PETS AND SOCIAL DEVELOPMENT
A child can divulge his or her deepest, darkest secrets to the family pet without fear of judgement or retaliation. This is an important element in child development, as it allows children to discuss their fears and thoughts in a safe environment. It may seem silly to lament your problems to an animal, but researchers have a different opinion.
“The social support that adolescents receive from pets may well support psychological well-being later in life,” says Nancy Gee, Human-Animal Interaction Research Manager at WALTHAM and a co-author of the study. “But there is still more to learn about the long term impact of pets on children’s development.”

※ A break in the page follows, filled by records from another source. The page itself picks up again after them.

(* Let $n\equiv 3\pmod 4$ with $n>3$. Let $1\le r<m$, let $M_r\in\mathfrak{C}_r$, and suppose $\det\tilde M_r>0$. Then $$\max\{\det E: E\in\mathfrak{E}_m\}>(n-3)\max\{\det E: E\in\mathfrak{E}_{m-1}\}.$$
   Context: Fix an integer $n\equiv 3\pmod 4$, $n>3$. For $m\ge1$, $\mathfrak{C}_m$ is the set of symmetric positive definite $m\times m$ integer matrices $C=(c_{ij})$ with $c_{ii}=n$ and $c_{ij}\equiv n\pmod 4$ for all $i,j$ (a finite set, since positive definiteness forces $|c_{ij}|<n$ for $i\neq j$). Given a fixed $M_r\in\mathfrak{C}_r$, for $m\ge r$, $\mathfrak{E}_m$ is the set of $E_m\in\mathfrak{C}_m$ whose leading $r\times r$ submatrix is $M_r$. For a square matrix $C$ of order $m$, $\tilde C$ denotes the matrix obtained from $C$ by replacing its $(m,m)$ entry by $3$. *)

theory Defs
  imports "Jordan_Normal_Form.Determinant"
begin

definition pos_def_int :: "int mat \<Rightarrow> bool" where
  "pos_def_int C \<longleftrightarrow>
     (\<forall>x :: nat \<Rightarrow> real. (\<exists>i<dim_row C. x i \<noteq> 0) \<longrightarrow>
        (\<Sum>i<dim_row C. \<Sum>j<dim_row C. x i * real_of_int (C $$ (i,j)) * x j) > 0)"

definition CC :: "int \<Rightarrow> nat \<Rightarrow> int mat set" where
  "CC n m = {C. C \<in> carrier_mat m m \<and> transpose_mat C = C \<and> pos_def_int C
              \<and> (\<forall>i<m. C $$ (i,i) = n)
              \<and> (\<forall>i<m. \<forall>j<m. C $$ (i,j) mod 4 = n mod 4)}"

definition EE :: "int \<Rightarrow> int mat \<Rightarrow> nat \<Rightarrow> int mat set" where
  "EE n M m = {E. E \<in> CC n m \<and> (\<forall>i<dim_row M. \<forall>j<dim_row M. E $$ (i,j) = M $$ (i,j))}"

definition tilde :: "int mat \<Rightarrow> int mat" where
  "tilde C = mat (dim_row C) (dim_col C)
     (\<lambda>(i,j). if i = dim_row C - 1 \<and> j = dim_col C - 1 then 3 else C $$ (i,j))"

end

theory Submission
  imports Defs
begin

text \<open>Let E be a maximiser of det on E_{m-1} and let F arise from E by appending a copy of its
last row and column, with 3 in place of n where the copy meets the old diagonal. Then F lies in
E_m, and its quadratic form is that of E at a shifted vector minus 2(n-3) x_{m-1} x_m. Together
with the Schur-complement bound det E' Q_E(u) \<ge> det E u_{m-1}^2 (E' the leading minor of E) this
gives det F \<ge> 2(n-3) det E - (n-3)^2 det E', so det F > (n-3) det E whenever
det E > (n-3) det E'. At level r that hypothesis is det (tilde M) > 0; above it, it follows
inductively because E' ranges over E_{m-2}.\<close>

section \<open>Real quadratic forms of integer matrices\<close>

definition bilin :: "int mat \<Rightarrow> (nat \<Rightarrow> real) \<Rightarrow> (nat \<Rightarrow> real) \<Rightarrow> real" where
  "bilin A x y = (\<Sum>i<dim_row A. \<Sum>j<dim_row A. x i * real_of_int (A $$ (i,j)) * y j)"

abbreviation qform :: "int mat \<Rightarrow> (nat \<Rightarrow> real) \<Rightarrow> real" where
  "qform A x \<equiv> bilin A x x"

definition coord_vec :: "nat \<Rightarrow> nat \<Rightarrow> real" where
  "coord_vec a = (\<lambda>i. if i = a then 1 else 0)"

lemma pos_def_int_iff_qform:
  "pos_def_int C \<longleftrightarrow> (\<forall>x. (\<exists>i<dim_row C. x i \<noteq> 0) \<longrightarrow> qform C x > 0)"
  unfolding pos_def_int_def bilin_def by simp

lemma qform_nonneg:
  assumes "pos_def_int C"
  shows "qform C x \<ge> 0"
proof (cases "\<exists>i<dim_row C. x i \<noteq> 0")
  case True
  then show ?thesis using assms unfolding pos_def_int_iff_qform by (auto intro: less_imp_le)
next
  case False
  then show ?thesis unfolding bilin_def by auto
qed

lemma qform_add_scaled:
  "qform A (\<lambda>i. u i + t * z i) = qform A u + t * bilin A u z + t * bilin A z u + t\<^sup>2 * qform A z"
proof -
  have "\<And>i j. (u i + t * z i) * real_of_int (A $$ (i,j)) * (u j + t * z j)
     = u i * real_of_int (A $$ (i,j)) * u j + t * (u i * real_of_int (A $$ (i,j)) * z j)
       + t * (z i * real_of_int (A $$ (i,j)) * u j) + t\<^sup>2 * (z i * real_of_int (A $$ (i,j)) * z j)"
    by (simp add: algebra_simps power2_eq_square)
  then show ?thesis unfolding bilin_def by (simp add: sum.distrib sum_distrib_left)
qed

lemma symmetric_entry:
  assumes "A \<in> carrier_mat p p" "transpose_mat A = A" "i < p" "j < p"
  shows "A $$ (j,i) = A $$ (i,j)"
  using assms by (metis carrier_matD index_transpose_mat(1))

lemma bilin_commute:
  assumes "A \<in> carrier_mat p p" "transpose_mat A = A"
  shows "bilin A z u = bilin A u z"
proof -
  have "bilin A z u = (\<Sum>i<p. \<Sum>j<p. z i * real_of_int (A $$ (i,j)) * u j)"
    unfolding bilin_def using assms(1) by simp
  also have "\<dots> = (\<Sum>j<p. \<Sum>i<p. z i * real_of_int (A $$ (i,j)) * u j)"
    by (rule sum.swap)
  also have "\<dots> = bilin A u z"
    unfolding bilin_def using assms symmetric_entry[OF assms]
    by (intro sum.cong refl) auto
  finally show ?thesis .
qed

lemma bilin_coord_vec_right:
  assumes "b < dim_row A"
  shows "bilin A x (coord_vec b) = (\<Sum>i<dim_row A. x i * real_of_int (A $$ (i,b)))"
  unfolding bilin_def coord_vec_def using assms
  by (intro sum.cong refl) (simp add: if_distrib cong: if_cong)

lemma bilin_coord_vec_left:
  assumes "a < dim_row A"
  shows "bilin A (coord_vec a) y = (\<Sum>j<dim_row A. real_of_int (A $$ (a,j)) * y j)"
proof -
  have "bilin A (coord_vec a) y
      = (\<Sum>i<dim_row A. if i = a then (\<Sum>j<dim_row A. real_of_int (A $$ (a,j)) * y j) else 0)"
    unfolding bilin_def coord_vec_def by (intro sum.cong refl) auto
  then show ?thesis using assms by simp
qed

lemma bilin_coord_vec:
  assumes "a < dim_row A" "b < dim_row A"
  shows "bilin A (coord_vec a) (coord_vec b) = real_of_int (A $$ (a,b))"
  unfolding bilin_coord_vec_left[OF assms(1)] using assms(2)
  by (simp add: coord_vec_def if_distrib cong: if_cong)

lemma qform_bordered:
  assumes F: "F \<in> carrier_mat (Suc p) (Suc p)" and sym: "transpose_mat F = F"
  shows "qform F x = qform (mat_delete F p p) x
           + 2 * x p * (\<Sum>i<p. x i * real_of_int (F $$ (i,p))) + real_of_int (F $$ (p,p)) * (x p)\<^sup>2"
proof -
  have del: "qform (mat_delete F p p) x = (\<Sum>i<p. \<Sum>j<p. x i * real_of_int (F $$ (i,j)) * x j)"
    unfolding bilin_def using F by (auto intro!: sum.cong simp: mat_delete_def)
  have "(\<Sum>j<p. x p * real_of_int (F $$ (p,j)) * x j) = x p * (\<Sum>i<p. x i * real_of_int (F $$ (i,p)))"
    using F sym by (auto simp: sum_distrib_left symmetric_entry intro!: sum.cong)
  then show ?thesis
    unfolding del unfolding bilin_def using F
    by (simp add: sum.distrib sum_distrib_left sum_distrib_right algebra_simps power2_eq_square)
qed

There is still more research to be done, but so far the science points to pets having a positive impact on a child’s mental health and development.
LOSING YOUR BEST FRIEND
Owning a pet that you hold near and dear to your family can be a double-edged sword. On one hand, the animal provides emotional and social support to your kids; on the other hand, sometimes Fluffy doesn’t live as long as we’d like him to.
One study by Joshua Russell, an assistant professor of animal behavior, ecology and conservation at Canisius College, in Buffalo, N.Y. suggests that children react to the loss of a pet much differently than adults do. “They often see themselves as the center of their pets’ affections,” Russell said in a college news release. “They describe their pets as siblings or best friends with whom they have strong connections.”
Children see pets as best friends to share secrets and memories with. These pets are important members of the household, and it is important to remember this when discussing the loss of a pet with your child. Allow them to grieve, and explain to them that their pet did everything he was put on this earth to do. Encourage your child to open up with their feelings about the pet, and help them feel as supported and encouraged as Bowser did.